• Extracted material
theorem theorem4p2:
  fixes D :: "(real^2) set" and v :: "real^2 \<Rightarrow> real^2"
    and s \<mu> \<theta> \<mu>' \<theta>' :: "real \<Rightarrow> real"
  assumes "domain2 D"
    and "diffeo_onto_image v D"
    and "C2_nonneg s" and "C2_nonneg \<mu>" and "C2_nonneg \<theta>"
    and "\<And>t. t \<ge> 0 \<Longrightarrow> (\<mu> has_real_derivative \<mu>' t) (at t within {0..})"
    and "\<And>t. t \<ge> 0 \<Longrightarrow> (\<theta> has_real_derivative \<theta>' t) (at t within {0..})"
    and "\<exists>c. \<forall>t\<ge>0. (cosh (s t))\<^sup>2 * \<mu>' t - (sinh (s t))\<^sup>2 * \<theta>' t = c"
  shows "lagrangian_euler_solution D (\<lambda>t a. psi (s t) (\<mu> t) (\<theta> t) *v v a)"
proof -
  obtain c where "\<And>t. t \<ge> 0 \<Longrightarrow> (cosh (s t))\<^sup>2 * \<mu>' t - (sinh (s t))\<^sup>2 * \<theta>' t = c"
    using assms(8) by blast
  then obtain A1 A2 where curve: "\<forall>t\<ge>0.
      ((\<lambda>t. psi (s t) (\<mu> t) (\<theta> t)) has_vector_derivative A1 t) (at t within {0..}) \<and>
      (A1 has_vector_derivative A2 t) (at t within {0..}) \<and>
      transpose (transpose (psi (s t) (\<mu> t) (\<theta> t)) ** A2 t)
        = transpose (psi (s t) (\<mu> t) (\<theta> t)) ** A2 t"
    using psi_curve_transpose_mult_second_derivative_symmetric[OF assms(3-7)] by blast
  have "open D"
    using assms(1) by (simp add: domain2_def)
  then show ?thesis
    by (rule lagrangian_euler_solution_matrix_curve[where A = "\<lambda>t. psi (s t) (\<mu> t) (\<theta> t)",
          OF _ assms(2)])
      (use curve in \<open>auto simp: det_psi\<close>)
qed

end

• Problem statement
Sift through the material above and copy the lines that contain the word "lambda".

• Answer space
  shows "lagrangian_euler_solution D (\<lambda>t a. psi (s t) (\<mu> t) (\<theta> t) *v v a)"
      ((\<lambda>t. psi (s t) (\<mu> t) (\<theta> t)) has_vector_derivative A1 t) (at t within {0..}) \<and>
    by (rule lagrangian_euler_solution_matrix_curve[where A = "\<lambda>t. psi (s t) (\<mu> t) (\<theta> t)",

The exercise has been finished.